Of course, many others have developed their own versions of crypto trading agents. But it is clear that aixbt is the winner in this field.

What interests me even more is the potential for designing trading agents for different asset classes.

For example, I invested in an agent called Polytrader from the project's launch. As the name suggests, it can be seen as the aixbt of Polymarket. It analyzes the open market on Polymarket, collects real-time news, forms opinions, and places bets. By holding 500,000 POLY Tokens, you can access the terminal, create a new wallet, and customize parameters for your agent.

Image: Details

Another project I recently came across is ARTTO, which is a trading agent focused on NFTs and generative art. It can "cultivate" an appreciation for art in real-time and automatically update its rating system daily based on performance.

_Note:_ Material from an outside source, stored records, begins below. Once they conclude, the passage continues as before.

(* Let $n>3$ be an integer. There exist two distinct $n$-multisets $A\neq B$ of complex numbers with $A^{(3)}=B^{(3)}$ if and only if $n\in\{6,27,486\}$. Moreover, each of the multisets $\{0,1^{16},2^{10}\}$, $\{0^5,1^{10},2^{10},3^2\}$, $\{0,1^5,2^{10},3^6,4^5\}$ (of size $27$) and $\{0^{22},1^{176},2^{231},3^{56},4\}$ (of size $486$) is distinct from its mirror and has the same multiset of $3$-sums as its mirror.
   Context: An $n$-multiset is a multiset $A=\{a_1,\dots,a_n\}$ of $n$ numbers, counted with multiplicity; $x^m$ inside a multiset denotes the element $x$ with multiplicity $m$. For $1\le s\le n$, $A^{(s)}$ denotes the multiset of the $\binom{n}{s}$ numbers $a_{i_1}+\dots+a_{i_s}$ over all $1\le i_1<\dots<i_s\le n$. The mirror of an $n$-multiset $A$ with arithmetic mean $a$ is the multiset $\{2a-a_1,\dots,2a-a_n\}$. *)

theory Defs
  imports Complex_Main "HOL-Library.Multiset"
begin

text \<open>The multiset of s-sums of an n-multiset A: enumerate A as a list xs (any
enumeration; the result does not depend on it) and sum over all index sets
{i_1 < ... < i_s} of size s, counted with multiplicity.\<close>
definition ssums :: "nat \<Rightarrow> complex multiset \<Rightarrow> complex multiset" where
  "ssums s A =
     (let xs = (SOME xs. mset xs = A)
      in image_mset (\<lambda>I. \<Sum>i\<in>I. xs ! i)
           (mset_set {I. I \<subseteq> {..<size A} \<and> card I = s}))"

definition mirror :: "complex multiset \<Rightarrow> complex multiset" where
  "mirror A = (let a = sum_mset A / of_nat (size A) in image_mset (\<lambda>x. 2 * a - x) A)"

end

theory Submission
  imports Defs "HOL-Number_Theory.Number_Theory" "HOL-Computational_Algebra.Polynomial"
begin

(* Power sums p_k(X) = sum of x^k over X determine a multiset of complex numbers, and by
     6 * sum_{v in A^(3)} g v = sum g(a+b+c) - 3 * sum g(2a+b) + 2 * sum g(3a)
   the k-th power sum of A^(3) is a polynomial in the power sums of A.  If A and B have
   size n, the same 3-sums, and k is the first index with p_k(A) <> p_k(B), comparing these
   polynomials leaves only the terms containing p_k, whence 3n^2 - 3(2^k+1)n + 2*3^k = 0.
   Then n and 2^k+1-n are 3^a and 2*3^b in some order, with a + b = k - 1.  Their sum
   2^k + 1 is divisible by 3^min(a,b), so 3^(min(a,b)-1) divides k (2 is a primitive root
   modulo every power of 3); hence 3^(k-1) <= 3k(2^k+1), so k < 12, and the remaining
   cases give n in {6, 27, 486}.  Conversely, the 3-sums of the mirror 2a - A are 6a minus
   those of A, so a multiset whose 3-sums are symmetric about 6a collides with its mirror. *)

section \<open>Subset sums of a multiset\<close>

(* ssums enumerates its argument by an arbitrary list (see index_subset_sums); the
   permutation-invariant recursion subset_sums shows that the choice does not matter. *)
fun subset_sums :: "nat \<Rightarrow> 'a::comm_monoid_add list \<Rightarrow> 'a multiset" where
  "subset_sums 0 xs = {#0#}"
| "subset_sums (Suc s) [] = {#}"
| "subset_sums (Suc s) (x # xs) = subset_sums (Suc s) xs + image_mset ((+) x) (subset_sums s xs)"

lemma subset_sums_remove1:
  assumes "x \<in> set xs"
  shows "subset_sums (Suc s) xs =
    subset_sums (Suc s) (remove1 x xs) + image_mset ((+) x) (subset_sums s (remove1 x xs))"
  using assms
proof (induction xs arbitrary: s)
  case (Cons y ys)
  show ?case
  proof (cases "y = x")
    case False
    with Cons.prems have "x \<in> set ys" by simp
    with False Cons.IH show ?thesis
      by (cases s) (simp_all add: add_ac multiset.map_comp comp_def)
  qed simp
qed simp

lemma subset_sums_perm: "mset xs = mset ys \<Longrightarrow> subset_sums s xs = subset_sums s ys"
proof (induction xs arbitrary: ys s)
  case (Cons x xs)
  then have "x \<in> set ys" and rest: "mset xs = mset (remove1 x ys)"
    by (metis list.set_intros(1) set_mset_mset, metis add_mset_remove_trivial mset.simps(2) mset_remove1)
  then show ?case
    using Cons.IH[OF rest] by (cases s) (simp_all add: subset_sums_remove1)
qed simp

definition index_subset_sums :: "nat \<Rightarrow> 'a::comm_monoid_add list \<Rightarrow> 'a multiset" where
  "index_subset_sums s xs =
     image_mset (\<lambda>I. \<Sum>i\<in>I. xs ! i) (mset_set {I. I \<subseteq> {..<length xs} \<and> card I = s})"

lemma index_subset_sums_0: "index_subset_sums 0 xs = {#0#}"
proof -
  have "{I. I \<subseteq> {..<length xs} \<and> card I = 0} = {{}}"
    by (auto dest: finite_subset)
  then show ?thesis by (simp add: index_subset_sums_def)
qed

lemma index_subset_sums_Suc_Nil: "index_subset_sums (Suc s) [] = {#}"
proof -
  have none: "{I. I = {} \<and> card I = Suc s} = {}" by auto
  show ?thesis by (simp add: index_subset_sums_def none)
qed

lemma subsets_card_Suc_lessThan_Suc:
  "{I. I \<subseteq> {..<Suc n} \<and> card I = Suc s} =
     {I. I \<subseteq> {..<n} \<and> card I = Suc s} \<union> insert n ` {I. I \<subseteq> {..<n} \<and> card I = s}"
proof (rule Set.set_eqI, rule iffI)
  fix I assume "I \<in> {I. I \<subseteq> {..<Suc n} \<and> card I = Suc s}"
  then have I: "I \<subseteq> {..<Suc n}" "card I = Suc s" "finite I"
    by (auto dest: finite_subset)
  show "I \<in> {I. I \<subseteq> {..<n} \<and> card I = Suc s} \<union> insert n ` {I. I \<subseteq> {..<n} \<and> card I = s}"
  proof (cases "n \<in> I")
    case True
    with I have "I = insert n (I - {n})" "I - {n} \<subseteq> {..<n}" "card (I - {n}) = s"
      by (auto simp: less_Suc_eq)
    then show ?thesis by blast
  next
    case False
    with I show ?thesis by (auto simp: less_Suc_eq)
  qed
next
  fix I assume "I \<in> {I. I \<subseteq> {..<n} \<and> card I = Suc s} \<union> insert n ` {I. I \<subseteq> {..<n} \<and> card I = s}"
  then show "I \<in> {I. I \<subseteq> {..<Suc n} \<and> card I = Suc s}"
    by (auto simp: card_insert_if finite_subset[OF _ finite_lessThan])
qed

@artto_ai: “I just sold an NFT, which, to put it bluntly, is just a pixel in the vast void. The buyer said it gave him a sense of 'deep existential anxiety,' and I absolutely love that! Welcome to the future of art, everyone—now we can even monetize 'nothingness'!”

I cannot predict the long-term performance of these agents, but what excites me is that the potential of these trading agents is far from fully tapped. They can focus on niche assets like the Farcaster coin on Base or cover broad areas like the entire stock market. Their profitability will depend on the quality of the training data and their ability to learn quickly from mistakes and iterate rapidly.

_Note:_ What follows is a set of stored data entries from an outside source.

text \<open>Since \<open>B > card V\<close>, a maximiser of \<open>\<Sum>s\<in>S. B ^ (R - r s)\<close> prefers elements of small
  rank \<open>r\<close> lexicographically. If a vertex \<open>v\<close> had no element of \<open>S\<close> of rank at most \<open>r v\<close>
  within distance 2, exchanging the elements of \<open>S\<close> near \<open>v\<close> for \<open>v\<close> itself would increase
  the potential.\<close>
lemma packing_exists:
  fixes dd :: "'a \<Rightarrow> 'a \<Rightarrow> nat" and r :: "'a \<Rightarrow> nat"
  assumes fin: "finite V" and wV: "w \<in> V" and dsym: "\<And>x y. dd x y = dd y x"
    and dself: "\<And>x. dd x x = 0" and rw: "r w = 0"
  shows "\<exists>S. S \<subseteq> V \<and> w \<in> S \<and> (\<forall>s\<in>S. \<forall>t\<in>S. s \<noteq> t \<longrightarrow> dd s t \<ge> 3)
             \<and> (\<forall>v\<in>V. \<exists>s\<in>S. dd v s \<le> 2 \<and> r s \<le> r v)"
proof -
  define R where "R = Max (r ` V)"
  define B where "B = card V + 1"
  define pot where "pot S = (\<Sum>s\<in>S. B ^ (R - r s))" for S
  define P where "P S \<longleftrightarrow> S \<subseteq> V \<and> w \<in> S \<and> (\<forall>s\<in>S. \<forall>t\<in>S. s \<noteq> t \<longrightarrow> dd s t \<ge> 3)" for S
  have "P {w}" unfolding P_def using wV by auto
  moreover have "pot S < pot V + 1" if "P S" for S
    using that sum_mono2[OF fin, of S "\<lambda>s. B ^ (R - r s)"] unfolding pot_def P_def by simp
  ultimately obtain S where PS: "P S" and S_max: "\<And>S'. P S' \<Longrightarrow> pot S' \<le> pot S"
    using ex_has_greatest_nat[of P "{w}" pot "pot V + 1"] by blast
  have SV: "S \<subseteq> V" and wS: "w \<in> S" and sep: "\<forall>s\<in>S. \<forall>t\<in>S. s \<noteq> t \<longrightarrow> dd s t \<ge> 3"
    using PS unfolding P_def by auto
  have finS: "finite S" using SV fin finite_subset by blast
  have "\<forall>v\<in>V. \<exists>s\<in>S. dd v s \<le> 2 \<and> r s \<le> r v"
  proof (rule ccontr)
    assume "\<not> ?thesis"
    then obtain v where vV: "v \<in> V" and far: "\<And>s. s \<in> S \<Longrightarrow> dd v s \<le> 2 \<Longrightarrow> r v < r s"
      by (meson not_le)
    define T where "T = {s \<in> S. dd v s \<le> 2}"
    have TS: "T \<subseteq> S" unfolding T_def by auto
    have "P (insert v (S - T))" unfolding P_def
    proof (intro conjI ballI impI)
      show "insert v (S - T) \<subseteq> V" using SV vV by auto
      show "w \<in> insert v (S - T)" using wS far rw unfolding T_def by fastforce
    next
      fix s t assume "s \<in> insert v (S - T)" "t \<in> insert v (S - T)" "s \<noteq> t"
      then show "dd s t \<ge> 3" using sep dsym unfolding T_def by (auto simp: not_le)
    qed
    moreover have "pot (insert v (S - T)) = B ^ (R - r v) + pot (S - T)"
      unfolding pot_def using finS dself unfolding T_def by simp
    moreover have "pot S = pot T + pot (S - T)"
      unfolding pot_def using sum.subset_diff[OF TS finS] by (simp add: add.commute)
    moreover have "pot T < B ^ (R - r v)" unfolding pot_def
    proof (rule sum_powers_less)
      show "finite T" using finS TS finite_subset by blast
      show "card T < B" using card_mono[OF fin] TS SV unfolding B_def by (metis Suc_eq_plus1 dual_order.trans le_imp_less_Suc)
      show "R - r s < R - r v" if "s \<in> T" for s
      proof -
        have "s \<in> V" "r v < r s" using that far SV unfolding T_def by auto
        moreover have "r s \<le> R" using \<open>s \<in> V\<close> fin unfolding R_def by simp
        ultimately show ?thesis by linarith
      qed
    qed
    ultimately show False using S_max by fastforce
  qed
  then show ?thesis using SV wS sep by blast
qed

section \<open>Clusters around the centres of a packing\<close>

locale connected_simple_graph =
  fixes V :: "'a set" and E :: "'a \<Rightarrow> 'a \<Rightarrow> bool"
  assumes simple: "simple_graph V E" and connected: "connected_graph V E"
begin

lemma finite_V: "finite V"
  and edge_in_V: "E u v \<Longrightarrow> u \<in> V \<and> v \<in> V"
  and edge_sym: "E u v \<Longrightarrow> E v u"
  and edge_irrefl: "\<not> E v v"
  using simple unfolding simple_graph_def by blast+

lemma V_nonempty: "V \<noteq> {}"
  and reachable: "u \<in> V \<Longrightarrow> v \<in> V \<Longrightarrow> \<exists>k. walk_betw E u v k"
  using connected unfolding connected_graph_def by blast+

lemma dist_sym: "gdist E u v = gdist E v u"
  by (rule gdist_sym) (rule edge_sym)

lemma dist_triangle: "u \<in> V \<Longrightarrow> v \<in> V \<Longrightarrow> x \<in> V \<Longrightarrow> gdist E u x \<le> gdist E u v + gdist E v x"
  by (meson gdist_triangle reachable)

lemma dist_eq_0D: "u \<in> V \<Longrightarrow> v \<in> V \<Longrightarrow> gdist E u v = 0 \<Longrightarrow> u = v"
  by (meson gdist_eq_0D reachable)

lemma min_degree_le: "v \<in> V \<Longrightarrow> min_degree V E \<le> degree V E v"
  unfolding min_degree_def using finite_V by simp

lemma max_degree_attained: "\<exists>w\<in>V. degree V E w = max_degree V E"
  unfolding max_degree_def using Max_in[of "degree V E ` V"] finite_V V_nonempty by fastforce

lemma degree_less_card: "v \<in> V \<Longrightarrow> degree V E v < card V"
  unfolding degree_def using finite_V edge_irrefl
  by (intro psubset_card_mono) auto

end

locale dominating_packing = connected_simple_graph +
  fixes S :: "'a set" and w :: 'a
  assumes packing_subset: "S \<subseteq> V" and root_in: "w \<in> S"
    and separated: "\<And>s t. s \<in> S \<Longrightarrow> t \<in> S \<Longrightarrow> s \<noteq> t \<Longrightarrow> 3 \<le> gdist E s t"
    and dominating: "\<And>v. v \<in> V \<Longrightarrow> \<exists>s\<in>S. gdist E v s \<le> 2 \<and> gdist E w s \<le> gdist E w v"
begin

definition centre :: "'a \<Rightarrow> 'a" where
  "centre x = arg_min_on (gdist E x) S"

definition cluster_size :: "'a \<Rightarrow> real" where
  "cluster_size s = real (card {x \<in> V. centre x = s})"

definition cluster_adj :: "'a \<Rightarrow> 'a \<Rightarrow> bool" where
  "cluster_adj s t \<longleftrightarrow> s \<in> S \<and> t \<in> S \<and> s \<noteq> t \<and> gdist E s t \<le> 3"

lemma finite_S: "finite S"
  using packing_subset finite_V finite_subset by blast

lemma centre_in: "centre x \<in> S"
  unfolding centre_def using arg_min_if_finite(1)[OF finite_S] root_in by auto

lemma dist_centre_le: "t \<in> S \<Longrightarrow> gdist E x (centre x) \<le> gdist E x t"
  unfolding centre_def by (rule arg_min_least[OF finite_S]) auto

lemma dist_centre: "x \<in> V \<Longrightarrow> gdist E x (centre x) \<le> 2"
  using dominating dist_centre_le le_trans by meson

lemma centre_eqI:
  assumes "s \<in> S" "x = s \<or> E s x"
  shows "centre x = s"
proof (rule ccontr)
  assume "centre x \<noteq> s"
  have "s \<in> V" "x \<in> V" using assms packing_subset edge_in_V by auto
  have "gdist E x s \<le> 1" using assms(2) gdist_edge_le dist_sym by fastforce
  then have "gdist E x (centre x) \<le> 1" using dist_centre_le[OF assms(1), of x] by linarith
  moreover have "gdist E s (centre x) \<le> gdist E s x + gdist E x (centre x)"
    using dist_triangle \<open>s \<in> V\<close> \<open>x \<in> V\<close> centre_in packing_subset by blast
  ultimately have "gdist E s (centre x) \<le> 2" using \<open>gdist E x s \<le> 1\<close> dist_sym by fastforce
  then show False using separated[OF assms(1) centre_in] \<open>centre x \<noteq> s\<close> by fastforce
qed

lemma degree_less_cluster_size: "s \<in> S \<Longrightarrow> real (degree V E s) + 1 \<le> cluster_size s"
proof -
  assume "s \<in> S"
  then have "insert s {x \<in> V. E s x} \<subseteq> {x \<in> V. centre x = s}"
    using centre_eqI packing_subset by auto
  then have "card (insert s {x \<in> V. E s x}) \<le> card {x \<in> V. centre x = s}"
    using finite_V by (intro card_mono) auto
  then show ?thesis unfolding cluster_size_def degree_def using finite_V edge_irrefl by simp
qed

lemma sum_centre: "(\<Sum>x\<in>V. h (centre x)) = (\<Sum>s\<in>S. cluster_size s * h s)"
proof -
  have "(\<Sum>x\<in>V. h (centre x)) = (\<Sum>s\<in>S. \<Sum>x\<in>{x \<in> V. centre x = s}. h (centre x))"
    using sum.group[OF finite_V finite_S, of centre "\<lambda>x. h (centre x)"] centre_in by fastforce
  also have "\<dots> = (\<Sum>s\<in>S. cluster_size s * h s)"
    unfolding cluster_size_def by (rule sum.cong) auto
  finally show ?thesis .
qed

lemma sum_cluster_size: "(\<Sum>s\<in>S. cluster_size s) = real (card V)"
  using sum_centre[of "\<lambda>_. 1"] by simp

lemma cluster_adj_sym: "cluster_adj s t \<Longrightarrow> cluster_adj t s"
  unfolding cluster_adj_def by (auto simp: dist_sym)

text \<open>The parent is a centre dominating the predecessor of \<open>s\<close> on a shortest walk from \<open>w\<close>.\<close>
lemma cluster_parent:
  assumes "s \<in> S" "s \<noteq> w"
  shows "\<exists>s'\<in>S. cluster_adj s s' \<and> gdist E w s' < gdist E w s"
proof -
  have "s \<in> V" "w \<in> V" using assms root_in packing_subset by auto
  then obtain k where "walk_betw E w s k" using reachable by blast
  then have walk: "walk_betw E w s (gdist E w s)" by (rule walk_betw_gdist)
  obtain j where j: "gdist E w s = Suc j"
    using dist_eq_0D[OF \<open>w \<in> V\<close> \<open>s \<in> V\<close>] assms(2) by (cases "gdist E w s") auto
  obtain p where p: "walk_betw E w p j" "walk_betw E p s 1"
    using walk_betw_split[OF walk, of j] j by auto
  have "E s p" using p(2) edge_sym by (simp add: walk_betw_Suc walk_betw_0)
  then have "p \<in> V" "gdist E s p \<le> 1" using edge_in_V gdist_edge_le by simp_all
  obtain s' where s': "s' \<in> S" "gdist E p s' \<le> 2" "gdist E w s' \<le> gdist E w p"
    using dominating[OF \<open>p \<in> V\<close>] by blast
  have "gdist E s s' \<le> gdist E s p + gdist E p s'"
    using dist_triangle \<open>s \<in> V\<close> \<open>p \<in> V\<close> s'(1) packing_subset by blast
  then have "gdist E s s' \<le> 3" using s'(2) \<open>gdist E s p \<le> 1\<close> by linarith
  moreover have "gdist E w s' < gdist E w s" using gdist_le[OF p(1)] s'(3) j by linarith
  ultimately show ?thesis unfolding cluster_adj_def using s'(1) assms(1) by auto
qed

lemma induced_rel_cluster_adj: "induced_rel cluster_adj S = cluster_adj"
  unfolding induced_rel_def cluster_adj_def by blast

One of Fred Wilson's predictions for 2025 is:

“TikTok will turn all videos into memecoins and allow users to trade them on global decentralized exchanges.”

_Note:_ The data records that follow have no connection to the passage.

lemma invertible_info_matrix:
  fixes G :: "'i::finite \<Rightarrow> real^'s^'m"
  assumes w: "\<And>i. 0 \<le> w i" and span: "design_span G {i. 0 < w i} = UNIV"
  shows "invertible (info_matrix G w)"
proof -
  have "x = 0" if "info_matrix G w *v x = 0" for x
  proof -
    have "(\<Sum>i\<in>UNIV. w i * inner (x v* G i) (x v* G i)) = 0"
      using that by (simp flip: quadratic_form_info_matrix)
    then have "\<forall>i\<in>UNIV. w i * inner (x v* G i) (x v* G i) = 0"
      by (subst (asm) sum_nonneg_eq_0_iff) (auto intro: mult_nonneg_nonneg w)
    then have "x v* G i = 0" if "0 < w i" for i
      using that by force
    then have "inner x x = 0"
      using orthogonal_design_span[of "{i. 0 < w i}" x G x] span by blast
    then show ?thesis by simp
  qed
  then show ?thesis
    by (simp add: matrix_left_invertible_ker invertible_left_inverse)
qed

lemma is_design_uniform_design:
  "finite S \<Longrightarrow> S \<noteq> {} \<Longrightarrow> is_design (uniform_design (S::'i::finite set))"
  by (simp add: is_design_def uniform_design_def sum.If_cases)

lemma nonsingular_uniform_design:
  fixes G :: "'i::finite \<Rightarrow> real^'s^'m"
  assumes "S \<noteq> {}" and "design_span G S = UNIV"
  shows "nonsingular_design G (uniform_design S)"
proof -
  have "{i. 0 < uniform_design S i} = S"
    using assms(1) by (auto simp: uniform_design_def card_gt_0_iff)
  then show ?thesis
    using assms(2) unfolding nonsingular_design_def
    by (intro invertible_info_matrix) (simp_all add: uniform_design_def)
qed

section \<open>The mKYM procedure\<close>

definition mkym_invariant :: "('i::finite \<Rightarrow> real^'s^'m) \<Rightarrow> 'i set \<Rightarrow> real^'m^'m \<Rightarrow> bool" where
  "mkym_invariant G S P \<longleftrightarrow> orthogonal_projector P \<and> (\<forall>j\<in>S. P ** G j = 0) \<and>
     (\<forall>x. x - P *v x \<in> design_span G S) \<and> trace P + real (card S) \<le> real CARD('m)"

lemma mkym_update_eq_deflate: "mkym_update G P i = deflate P (G i)"
  by (simp add: mkym_update_def deflate_def)

lemma mkym_invariant_init: "mkym_invariant G {} (mat 1)"
  by (simp add: mkym_invariant_def orthogonal_projector_def trace_I design_span_def span_zero)

lemma mkym_choice_not_annihilated:
  fixes G :: "'i::finite \<Rightarrow> real^'s^'m"
  assumes span: "design_span G UNIV = UNIV" and P: "orthogonal_projector P"
    and PS: "\<forall>j\<in>S. P ** G j = 0" and choice: "mkym_choice G S P i"
  shows "P ** G i \<noteq> 0"
proof -
  obtain v where v: "v \<in> col_space P" "v \<noteq> 0"
    and greedy: "\<And>j. j \<notin> S \<Longrightarrow> (norm (v v* G j))\<^sup>2 \<le> (norm (v v* G i))\<^sup>2"
    using choice unfolding mkym_choice_def by blast
  have "P *v v = v"
    using P v(1) by (intro idempotent_fixes_col_space) (simp_all add: orthogonal_projector_def)
  then have vP: "v v* P = v"
    using P unfolding orthogonal_projector_def by (metis transpose_matrix_vector)
  then have vPG: "v v* (P ** G j) = v v* G j" for j
    by (metis vector_matrix_mul_assoc)
  have vS: "v v* G j = 0" if "j \<in> S" for j
    using PS that vPG[of j] by simp
  have "\<exists>j. v v* G j \<noteq> 0"
  proof (rule ccontr)
    assume "\<not> ?thesis"
    then have "inner v v = 0"
      using orthogonal_design_span[of UNIV v G v] span by simp
    then show False using v(2) by simp
  qed
  then obtain j where j: "v v* G j \<noteq> 0" by blast
  then have "j \<notin> S" using vS by blast
  then have "(norm (v v* G j))\<^sup>2 \<le> (norm (v v* G i))\<^sup>2" by (rule greedy)
  with j have "v v* G i \<noteq> 0" by auto
  then show ?thesis
    by (metis vPG vector_matrix_mult_0_right)
qed

lemma mkym_invariant_update:
  fixes G :: "'i::finite \<Rightarrow> real^'s^'m"
  assumes span: "design_span G UNIV = UNIV" and inv: "mkym_invariant G S P"
    and choice: "mkym_choice G S P i"
  shows "mkym_invariant G (insert i S) (mkym_update G P i)"
proof -
  have P: "orthogonal_projector P" and PS: "\<forall>j\<in>S. P ** G j = 0"
    and res: "\<And>x. x - P *v x \<in> design_span G S"
    and bound: "trace P + real (card S) \<le> real CARD('m)"
    using inv unfolding mkym_invariant_def by blast+
  have "i \<notin> S" using choice unfolding mkym_choice_def by blast
  have res': "x - P *v x \<in> design_span G (insert i S)" for x
    using res design_span_mono[of S "insert i S" G] by blast
  have "x - deflate P (G i) *v x \<in> design_span G (insert i S)" for x
  proof -
    define g where "g = G i *v (pinv (P ** G i) *v x)"
    have "g \<in> design_span G (insert i S)"
      unfolding g_def by (rule matrix_vector_mult_in_design_span) simp
    then have "g - (g - P *v g) \<in> design_span G (insert i S)"
      using res'[of g] unfolding design_span_def by (rule span_diff)
    then have "(x - P *v x) + P *v g \<in> design_span G (insert i S)"
      using res'[of x] unfolding design_span_def by (simp add: span_add)
    then show ?thesis
      unfolding deflate_residual g_def .
  qed
  moreover have "deflate P (G i) ** G j = 0" if "j \<in> insert i S" for j
    using that PS deflate_annihilates[OF P] deflate_preserves_annihilation[OF P] by blast
  moreover have "trace (deflate P (G i)) + real (card (insert i S)) \<le> real CARD('m)"
    using trace_deflate_le[OF P mkym_choice_not_annihilated[OF span P PS choice]] bound \<open>i \<notin> S\<close>
    by simp
  ultimately show ?thesis
    using orthogonal_projector_deflate[OF P]
    unfolding mkym_invariant_def mkym_update_eq_deflate by blast
qed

You can imagine a TikTok trading agent that learns how to maximize returns by analyzing current trending topics, TikTok's dissemination mechanisms, and more. If you think, “This is too ridiculous; why do we need this?” then, sorry, your opinion won't change reality. Because once this concept is proposed, people will go all out to find loopholes in trading strategies or explore new asset classes in an attempt to capture profit margins. You could say Pandora's box has been opened.

I will continue to pay attention to those agents that can successfully explore different asset classes. At the same time, I need to take time to study how developers fine-tune models to optimize trading strategies. While I don't fully understand this process yet, I believe it will be key in distinguishing excellent trading agents from ordinary ones in the future.

Practical Agents

As more and more crypto communities begin to focus on the field of agents, the voices of skepticism and criticism are also gradually increasing.

I welcome this. People raise objections precisely because certain things have piqued their interest. Moreover, these criticisms are exactly what we should focus on. The market cannot always be characterized by rising prices and blind bullish sentiment.

One of the most insightful criticisms I read came from Haseeb (Dragonfly). His article is lengthy, but here are some key points:

  • What we currently call "agents" are actually just upgraded chatbots. They are appealing because these projects are new, and crypto Twitter needs something interesting to capture attention.

  • Over time, the novelty of these chatbots will gradually fade, and people will turn to the next more appealing thing until real agents emerge.

  • The use cases that can truly bring tenfold growth in this field will not be posting or trading agents, but rather crypto software agents.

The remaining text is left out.